▶ About this exercise
The output should be every line below that includes the word "rule".

▶ Collected data
lemma nonconstant_twist_in_subgroupE:
  assumes "subgroup N G2" "N \<noteq> {\<one>\<^bsub>G2\<^esub>}" "N \<subseteq> K"
  obtains t a where "twist t \<in> N" "a \<in> {1..8}" "t a mod 3 \<noteq> t 1 mod 3"
proof -
  have "\<not> N \<subseteq> {\<one>\<^bsub>G2\<^esub>}"
    using assms(2) subgroup.one_closed[OF assms(1)] by (auto simp: subset_singleton_iff)
  then have "\<exists>n\<in>N. n \<noteq> \<one>\<^bsub>G2\<^esub>"
    by (auto simp: subset_iff)
  then obtain n where n: "n \<in> N" "n \<noteq> \<one>\<^bsub>G2\<^esub>" ..
  from n(1) assms(3) have "n \<in> K"
    by (rule rev_subsetD)
  then obtain t where t: "n = twist t" "(\<Sum>c\<in>{1..8}. t c) mod 3 = 0"
    by (rule K_twistE)
  have "twist t \<noteq> \<one>\<^bsub>Sym\<^esub>"
    using t(1) n(2) by (simp add: one_G2)
  with t(2) obtain a where "a \<in> {1..8}" "t a mod 3 \<noteq> t 1 mod 3"
    by (rule nontrivial_twistE)
  with n(1) t(1) show thesis
    using that by simp
qed

lemma sum_zero_twist_mem:
  assumes N: "N \<lhd> G2" and t: "twist t \<in> N" "a \<in> {1..8}" "t a mod 3 \<noteq> t 1 mod 3"
    and s: "(\<Sum>c\<in>{1..8}. s c) mod 3 = 0"
  shows "twist s \<in> N"
proof -
  interpret twists: mod3_module "{1..8}" "{t. twist t \<in> N}"
    using normal_imp_subgroup[OF N] by (rule mod3_module_twists)
  have "s \<in> {t. twist t \<in> N}"
  proof (rule twists.sum_zero_mem_if_nonconstant[where xs = corner_path and t = t and a = a and b = 1])
    show "distinct corner_path" "set corner_path = {1..8}"
      by (rule distinct_corner_path, rule set_corner_path)
    show "u \<circ> transpose x y \<in> {t. twist t \<in> N}"
      if "(x, y) \<in> set (zip corner_path (tl corner_path))" "u \<in> {t. twist t \<in> N}" for x y u
      using normal_twist_transpose[OF N that(1)] that(2) by simp
  qed (use t s in simp_all)
  then show ?thesis
    by simp
qed

theorem proposition2p7:
  assumes "N \<lhd> G2"
    and "N \<noteq> {\<one>\<^bsub>G2\<^esub>}"
    and "phi ` N = {\<one>\<^bsub>S8\<^esub>}"
  shows "N = K"
proof
  have sub: "subgroup N G2"
    using assms(1) by (rule normal_imp_subgroup)
  then show "N \<subseteq> K"
    using assms(3) by (rule subset_K_if_phi_trivial)
  with sub assms(2) obtain t a where t: "twist t \<in> N" "a \<in> {1..8}" "t a mod 3 \<noteq> t 1 mod 3"
    by (rule nonconstant_twist_in_subgroupE)
  show "K \<subseteq> N"
  proof
    fix k
    assume "k \<in> K"
    then obtain s where "k = twist s" "(\<Sum>c\<in>{1..8}. s c) mod 3 = 0"
      by (rule K_twistE)
    with sum_zero_twist_mem[OF assms(1) t] show "k \<in> N"
      by simp
  qed
qed

end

▶ Answer area
    by (rule rev_subsetD)
    by (rule K_twistE)
    by (rule nontrivial_twistE)
    using normal_imp_subgroup[OF N] by (rule mod3_module_twists)
  proof (rule twists.sum_zero_mem_if_nonconstant[where xs = corner_path and t = t and a = a and b = 1])
      by (rule distinct_corner_path, rule set_corner_path)
    using assms(1) by (rule normal_imp_subgroup)
    using assms(3) by (rule subset_K_if_phi_trivial)
    by (rule nonconstant_twist_in_subgroupE)
      by (rule K_twistE)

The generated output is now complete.